**What you should do:** Using the entries below, output each line exactly from the first through the one that contains "text \<open>The success".

Top of Source material

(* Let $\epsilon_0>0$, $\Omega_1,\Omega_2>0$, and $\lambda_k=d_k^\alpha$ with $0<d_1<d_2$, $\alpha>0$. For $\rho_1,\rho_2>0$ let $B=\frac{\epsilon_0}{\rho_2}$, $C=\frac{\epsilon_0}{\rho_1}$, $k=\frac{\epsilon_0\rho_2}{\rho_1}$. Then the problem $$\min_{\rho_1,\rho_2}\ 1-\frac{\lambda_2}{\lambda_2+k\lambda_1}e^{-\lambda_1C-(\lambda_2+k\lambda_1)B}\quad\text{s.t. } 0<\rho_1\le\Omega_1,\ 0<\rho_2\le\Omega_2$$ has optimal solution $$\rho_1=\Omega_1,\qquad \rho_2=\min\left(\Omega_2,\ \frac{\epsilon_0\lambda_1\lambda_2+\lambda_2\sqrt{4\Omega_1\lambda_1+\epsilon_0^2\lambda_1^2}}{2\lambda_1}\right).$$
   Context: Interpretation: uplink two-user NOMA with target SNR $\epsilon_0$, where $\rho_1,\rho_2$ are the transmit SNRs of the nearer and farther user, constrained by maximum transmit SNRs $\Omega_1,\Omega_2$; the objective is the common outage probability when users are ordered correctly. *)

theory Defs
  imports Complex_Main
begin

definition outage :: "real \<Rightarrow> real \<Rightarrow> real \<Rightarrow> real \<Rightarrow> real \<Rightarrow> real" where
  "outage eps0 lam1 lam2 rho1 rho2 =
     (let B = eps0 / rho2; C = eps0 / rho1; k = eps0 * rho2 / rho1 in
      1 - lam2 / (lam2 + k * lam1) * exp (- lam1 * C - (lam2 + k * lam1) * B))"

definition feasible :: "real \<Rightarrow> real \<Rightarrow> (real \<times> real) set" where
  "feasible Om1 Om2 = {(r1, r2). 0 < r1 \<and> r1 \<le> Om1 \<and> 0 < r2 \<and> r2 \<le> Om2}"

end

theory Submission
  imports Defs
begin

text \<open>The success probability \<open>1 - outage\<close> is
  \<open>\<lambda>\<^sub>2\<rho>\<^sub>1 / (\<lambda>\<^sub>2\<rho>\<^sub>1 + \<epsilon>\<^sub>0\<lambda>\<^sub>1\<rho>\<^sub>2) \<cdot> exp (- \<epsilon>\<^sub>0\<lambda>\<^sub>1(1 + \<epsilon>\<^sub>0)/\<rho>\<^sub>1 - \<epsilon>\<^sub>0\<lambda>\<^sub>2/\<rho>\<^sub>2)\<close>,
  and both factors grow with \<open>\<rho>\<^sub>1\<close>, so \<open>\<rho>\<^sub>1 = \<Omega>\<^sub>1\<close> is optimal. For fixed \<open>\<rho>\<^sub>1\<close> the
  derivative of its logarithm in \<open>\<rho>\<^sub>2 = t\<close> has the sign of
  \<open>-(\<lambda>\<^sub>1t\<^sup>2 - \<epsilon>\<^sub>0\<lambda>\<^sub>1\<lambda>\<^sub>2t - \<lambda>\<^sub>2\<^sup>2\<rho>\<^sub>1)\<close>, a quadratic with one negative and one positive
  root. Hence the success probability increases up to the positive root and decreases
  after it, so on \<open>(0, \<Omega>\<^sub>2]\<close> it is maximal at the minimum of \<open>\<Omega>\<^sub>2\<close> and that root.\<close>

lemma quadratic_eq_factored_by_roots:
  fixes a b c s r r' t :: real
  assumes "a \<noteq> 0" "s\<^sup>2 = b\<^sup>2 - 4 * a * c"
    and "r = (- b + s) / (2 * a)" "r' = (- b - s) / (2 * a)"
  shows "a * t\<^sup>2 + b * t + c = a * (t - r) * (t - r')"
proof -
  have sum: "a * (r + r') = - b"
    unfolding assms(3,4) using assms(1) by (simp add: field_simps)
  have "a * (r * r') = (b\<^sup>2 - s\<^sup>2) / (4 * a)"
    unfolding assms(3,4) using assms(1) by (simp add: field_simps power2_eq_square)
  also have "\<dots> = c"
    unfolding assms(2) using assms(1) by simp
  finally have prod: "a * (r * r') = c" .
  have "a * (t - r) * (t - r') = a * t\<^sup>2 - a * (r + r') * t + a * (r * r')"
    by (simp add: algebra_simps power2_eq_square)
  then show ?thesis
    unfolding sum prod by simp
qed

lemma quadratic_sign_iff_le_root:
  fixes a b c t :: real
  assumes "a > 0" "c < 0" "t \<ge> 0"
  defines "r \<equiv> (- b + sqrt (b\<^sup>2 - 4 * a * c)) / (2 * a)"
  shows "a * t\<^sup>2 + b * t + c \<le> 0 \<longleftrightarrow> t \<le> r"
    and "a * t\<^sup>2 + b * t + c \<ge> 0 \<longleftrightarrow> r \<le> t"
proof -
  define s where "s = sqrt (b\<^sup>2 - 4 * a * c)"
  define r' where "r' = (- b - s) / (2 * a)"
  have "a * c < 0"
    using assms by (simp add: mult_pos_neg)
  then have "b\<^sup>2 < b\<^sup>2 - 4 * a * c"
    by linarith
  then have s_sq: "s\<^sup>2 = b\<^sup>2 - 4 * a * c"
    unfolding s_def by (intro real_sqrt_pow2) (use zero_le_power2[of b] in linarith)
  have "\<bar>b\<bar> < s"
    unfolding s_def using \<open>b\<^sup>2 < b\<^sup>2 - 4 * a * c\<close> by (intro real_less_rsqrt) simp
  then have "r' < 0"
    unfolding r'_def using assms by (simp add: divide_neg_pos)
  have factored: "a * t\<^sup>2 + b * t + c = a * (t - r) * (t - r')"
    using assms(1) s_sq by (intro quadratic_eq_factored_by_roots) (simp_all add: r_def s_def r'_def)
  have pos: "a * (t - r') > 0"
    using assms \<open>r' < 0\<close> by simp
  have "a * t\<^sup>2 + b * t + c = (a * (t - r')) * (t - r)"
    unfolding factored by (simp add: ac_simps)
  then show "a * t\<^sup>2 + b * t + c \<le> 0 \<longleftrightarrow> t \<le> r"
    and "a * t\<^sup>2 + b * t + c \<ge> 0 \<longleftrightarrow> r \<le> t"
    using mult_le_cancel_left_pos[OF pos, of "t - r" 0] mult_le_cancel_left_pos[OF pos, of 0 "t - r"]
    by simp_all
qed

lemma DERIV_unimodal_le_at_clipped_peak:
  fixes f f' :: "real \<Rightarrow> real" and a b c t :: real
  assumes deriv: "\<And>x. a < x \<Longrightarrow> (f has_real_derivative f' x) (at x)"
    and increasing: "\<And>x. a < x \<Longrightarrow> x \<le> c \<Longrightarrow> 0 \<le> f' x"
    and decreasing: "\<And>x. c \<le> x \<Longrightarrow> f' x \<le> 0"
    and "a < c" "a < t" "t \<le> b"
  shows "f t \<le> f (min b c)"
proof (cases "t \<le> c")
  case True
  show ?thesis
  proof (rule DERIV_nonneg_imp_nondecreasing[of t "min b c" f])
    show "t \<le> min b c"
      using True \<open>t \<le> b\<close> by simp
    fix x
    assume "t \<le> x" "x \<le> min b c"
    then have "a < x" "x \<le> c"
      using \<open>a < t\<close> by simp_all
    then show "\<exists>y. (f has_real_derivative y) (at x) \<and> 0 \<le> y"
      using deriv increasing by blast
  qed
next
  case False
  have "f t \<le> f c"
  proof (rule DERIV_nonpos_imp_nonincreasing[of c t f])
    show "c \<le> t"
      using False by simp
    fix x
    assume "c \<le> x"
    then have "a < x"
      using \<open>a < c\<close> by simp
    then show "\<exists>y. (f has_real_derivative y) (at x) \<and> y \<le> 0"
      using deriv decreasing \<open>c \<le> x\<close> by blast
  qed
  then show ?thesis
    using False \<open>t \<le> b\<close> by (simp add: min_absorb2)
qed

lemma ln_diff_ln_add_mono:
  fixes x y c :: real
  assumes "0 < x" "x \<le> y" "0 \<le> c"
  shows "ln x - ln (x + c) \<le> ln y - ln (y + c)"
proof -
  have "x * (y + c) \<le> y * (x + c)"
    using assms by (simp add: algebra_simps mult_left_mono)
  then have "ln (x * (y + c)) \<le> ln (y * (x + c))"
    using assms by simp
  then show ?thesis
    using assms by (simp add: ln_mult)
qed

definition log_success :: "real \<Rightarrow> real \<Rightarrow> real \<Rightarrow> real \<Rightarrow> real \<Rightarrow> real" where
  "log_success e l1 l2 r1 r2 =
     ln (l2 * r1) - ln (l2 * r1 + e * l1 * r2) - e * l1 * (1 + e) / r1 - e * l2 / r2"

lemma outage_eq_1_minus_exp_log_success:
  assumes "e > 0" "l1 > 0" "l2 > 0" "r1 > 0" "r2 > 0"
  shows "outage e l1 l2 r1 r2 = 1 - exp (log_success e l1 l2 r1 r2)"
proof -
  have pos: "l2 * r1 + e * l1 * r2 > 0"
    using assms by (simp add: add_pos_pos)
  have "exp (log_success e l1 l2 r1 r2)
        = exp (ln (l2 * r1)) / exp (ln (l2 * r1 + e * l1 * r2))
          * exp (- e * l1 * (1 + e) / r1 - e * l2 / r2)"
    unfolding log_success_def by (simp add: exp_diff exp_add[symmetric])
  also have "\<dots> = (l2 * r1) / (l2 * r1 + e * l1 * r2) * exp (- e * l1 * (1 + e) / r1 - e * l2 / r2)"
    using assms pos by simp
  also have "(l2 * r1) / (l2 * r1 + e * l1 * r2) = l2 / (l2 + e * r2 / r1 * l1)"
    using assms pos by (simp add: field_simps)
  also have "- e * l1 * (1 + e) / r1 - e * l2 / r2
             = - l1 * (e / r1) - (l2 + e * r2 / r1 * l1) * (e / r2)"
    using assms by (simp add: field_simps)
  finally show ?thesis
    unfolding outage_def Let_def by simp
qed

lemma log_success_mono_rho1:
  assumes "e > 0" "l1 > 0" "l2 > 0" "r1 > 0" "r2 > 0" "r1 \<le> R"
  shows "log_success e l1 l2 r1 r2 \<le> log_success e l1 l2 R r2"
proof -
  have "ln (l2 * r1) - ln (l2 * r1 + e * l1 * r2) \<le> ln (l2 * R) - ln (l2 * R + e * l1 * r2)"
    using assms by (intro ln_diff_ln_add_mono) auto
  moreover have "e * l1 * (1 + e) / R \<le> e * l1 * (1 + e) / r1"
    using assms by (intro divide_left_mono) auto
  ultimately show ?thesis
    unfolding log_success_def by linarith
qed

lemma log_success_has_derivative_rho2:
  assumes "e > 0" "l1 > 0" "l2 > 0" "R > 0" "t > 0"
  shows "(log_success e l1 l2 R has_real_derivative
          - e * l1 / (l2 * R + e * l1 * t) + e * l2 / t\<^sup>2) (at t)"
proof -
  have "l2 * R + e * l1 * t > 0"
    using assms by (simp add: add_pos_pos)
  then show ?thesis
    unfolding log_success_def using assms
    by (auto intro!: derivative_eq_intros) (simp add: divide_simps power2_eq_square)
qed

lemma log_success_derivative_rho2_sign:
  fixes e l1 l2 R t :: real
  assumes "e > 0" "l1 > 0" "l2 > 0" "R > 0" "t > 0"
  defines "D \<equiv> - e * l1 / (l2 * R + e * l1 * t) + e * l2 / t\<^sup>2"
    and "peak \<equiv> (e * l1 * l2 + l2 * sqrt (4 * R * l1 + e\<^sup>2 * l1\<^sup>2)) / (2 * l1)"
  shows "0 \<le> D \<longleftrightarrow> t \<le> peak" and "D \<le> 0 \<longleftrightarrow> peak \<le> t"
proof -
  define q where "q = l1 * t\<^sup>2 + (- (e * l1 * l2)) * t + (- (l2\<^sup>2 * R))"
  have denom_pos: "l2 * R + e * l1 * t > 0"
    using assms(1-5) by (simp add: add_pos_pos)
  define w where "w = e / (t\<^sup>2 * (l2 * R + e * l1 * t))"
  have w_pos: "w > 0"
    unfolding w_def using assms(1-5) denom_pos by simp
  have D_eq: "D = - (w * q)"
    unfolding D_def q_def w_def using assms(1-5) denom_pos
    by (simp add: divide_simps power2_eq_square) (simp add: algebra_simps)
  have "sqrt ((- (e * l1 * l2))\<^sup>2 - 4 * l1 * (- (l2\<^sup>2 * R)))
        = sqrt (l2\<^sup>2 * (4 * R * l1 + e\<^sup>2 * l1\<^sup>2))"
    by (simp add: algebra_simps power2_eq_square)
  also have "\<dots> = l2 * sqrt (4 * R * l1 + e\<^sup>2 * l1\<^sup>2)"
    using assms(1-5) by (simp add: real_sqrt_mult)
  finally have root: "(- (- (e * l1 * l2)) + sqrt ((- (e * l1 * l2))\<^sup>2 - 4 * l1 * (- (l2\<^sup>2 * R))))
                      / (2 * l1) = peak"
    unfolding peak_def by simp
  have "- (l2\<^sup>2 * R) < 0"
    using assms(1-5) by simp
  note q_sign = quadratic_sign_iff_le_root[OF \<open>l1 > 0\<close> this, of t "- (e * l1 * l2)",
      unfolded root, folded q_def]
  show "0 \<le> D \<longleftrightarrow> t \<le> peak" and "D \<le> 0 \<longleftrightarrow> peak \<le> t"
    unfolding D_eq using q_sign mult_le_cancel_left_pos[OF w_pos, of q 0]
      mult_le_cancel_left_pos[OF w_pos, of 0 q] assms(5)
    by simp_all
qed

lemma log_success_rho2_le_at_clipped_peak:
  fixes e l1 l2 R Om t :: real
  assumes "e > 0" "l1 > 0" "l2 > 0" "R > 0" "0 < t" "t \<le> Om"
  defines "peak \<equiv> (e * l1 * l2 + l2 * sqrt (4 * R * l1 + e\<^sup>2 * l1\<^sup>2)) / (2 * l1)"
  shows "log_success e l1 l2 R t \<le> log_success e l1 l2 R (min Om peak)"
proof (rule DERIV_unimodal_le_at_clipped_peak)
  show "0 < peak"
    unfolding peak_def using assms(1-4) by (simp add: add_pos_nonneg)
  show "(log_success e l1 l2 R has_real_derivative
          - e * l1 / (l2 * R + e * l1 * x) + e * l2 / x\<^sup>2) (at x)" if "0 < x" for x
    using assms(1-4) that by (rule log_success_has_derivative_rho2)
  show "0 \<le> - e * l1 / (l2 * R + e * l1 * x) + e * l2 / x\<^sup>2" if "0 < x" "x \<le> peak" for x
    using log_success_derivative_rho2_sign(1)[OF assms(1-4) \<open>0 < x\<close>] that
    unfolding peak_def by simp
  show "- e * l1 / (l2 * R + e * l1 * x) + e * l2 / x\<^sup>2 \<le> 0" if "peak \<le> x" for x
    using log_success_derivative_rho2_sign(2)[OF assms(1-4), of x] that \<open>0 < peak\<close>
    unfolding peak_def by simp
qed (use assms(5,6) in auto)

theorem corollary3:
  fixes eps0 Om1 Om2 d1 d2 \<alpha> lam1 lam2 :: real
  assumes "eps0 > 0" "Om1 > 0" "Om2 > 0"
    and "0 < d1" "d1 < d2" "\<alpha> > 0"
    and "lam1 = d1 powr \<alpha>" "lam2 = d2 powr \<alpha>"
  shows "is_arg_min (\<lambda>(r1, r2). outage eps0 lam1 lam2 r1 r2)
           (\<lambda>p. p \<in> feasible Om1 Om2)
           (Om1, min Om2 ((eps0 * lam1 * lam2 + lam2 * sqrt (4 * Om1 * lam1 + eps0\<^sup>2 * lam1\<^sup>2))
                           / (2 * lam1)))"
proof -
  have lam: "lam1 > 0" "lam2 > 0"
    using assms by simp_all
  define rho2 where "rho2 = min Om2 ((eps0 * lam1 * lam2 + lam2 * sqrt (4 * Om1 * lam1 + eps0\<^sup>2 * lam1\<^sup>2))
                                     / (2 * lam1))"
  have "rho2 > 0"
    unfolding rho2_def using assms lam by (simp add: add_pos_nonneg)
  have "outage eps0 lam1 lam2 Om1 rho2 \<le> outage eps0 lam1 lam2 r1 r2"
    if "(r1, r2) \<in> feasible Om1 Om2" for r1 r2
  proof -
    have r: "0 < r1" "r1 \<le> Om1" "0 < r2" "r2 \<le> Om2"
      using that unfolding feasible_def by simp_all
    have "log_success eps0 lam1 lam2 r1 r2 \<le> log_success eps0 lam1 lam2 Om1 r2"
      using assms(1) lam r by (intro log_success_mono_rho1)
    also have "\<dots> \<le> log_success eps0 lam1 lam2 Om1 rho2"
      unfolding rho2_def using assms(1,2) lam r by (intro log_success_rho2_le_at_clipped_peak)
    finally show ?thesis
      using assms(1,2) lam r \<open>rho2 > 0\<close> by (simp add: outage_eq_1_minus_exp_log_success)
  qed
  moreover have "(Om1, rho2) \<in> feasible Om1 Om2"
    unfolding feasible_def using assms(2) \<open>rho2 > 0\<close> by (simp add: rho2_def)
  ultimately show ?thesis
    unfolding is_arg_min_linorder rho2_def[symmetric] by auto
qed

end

Bottom of Source material

**Answer box:**
(* Let $\epsilon_0>0$, $\Omega_1,\Omega_2>0$, and $\lambda_k=d_k^\alpha$ with $0<d_1<d_2$, $\alpha>0$. For $\rho_1,\rho_2>0$ let $B=\frac{\epsilon_0}{\rho_2}$, $C=\frac{\epsilon_0}{\rho_1}$, $k=\frac{\epsilon_0\rho_2}{\rho_1}$. Then the problem $$\min_{\rho_1,\rho_2}\ 1-\frac{\lambda_2}{\lambda_2+k\lambda_1}e^{-\lambda_1C-(\lambda_2+k\lambda_1)B}\quad\text{s.t. } 0<\rho_1\le\Omega_1,\ 0<\rho_2\le\Omega_2$$ has optimal solution $$\rho_1=\Omega_1,\qquad \rho_2=\min\left(\Omega_2,\ \frac{\epsilon_0\lambda_1\lambda_2+\lambda_2\sqrt{4\Omega_1\lambda_1+\epsilon_0^2\lambda_1^2}}{2\lambda_1}\right).$$
   Context: Interpretation: uplink two-user NOMA with target SNR $\epsilon_0$, where $\rho_1,\rho_2$ are the transmit SNRs of the nearer and farther user, constrained by maximum transmit SNRs $\Omega_1,\Omega_2$; the objective is the common outage probability when users are ordered correctly. *)

theory Defs
  imports Complex_Main
begin

definition outage :: "real \<Rightarrow> real \<Rightarrow> real \<Rightarrow> real \<Rightarrow> real \<Rightarrow> real" where
  "outage eps0 lam1 lam2 rho1 rho2 =
     (let B = eps0 / rho2; C = eps0 / rho1; k = eps0 * rho2 / rho1 in
      1 - lam2 / (lam2 + k * lam1) * exp (- lam1 * C - (lam2 + k * lam1) * B))"

definition feasible :: "real \<Rightarrow> real \<Rightarrow> (real \<times> real) set" where
  "feasible Om1 Om2 = {(r1, r2). 0 < r1 \<and> r1 \<le> Om1 \<and> 0 < r2 \<and> r2 \<le> Om2}"

end

theory Submission
  imports Defs
begin

text \<open>The success probability \<open>1 - outage\<close> is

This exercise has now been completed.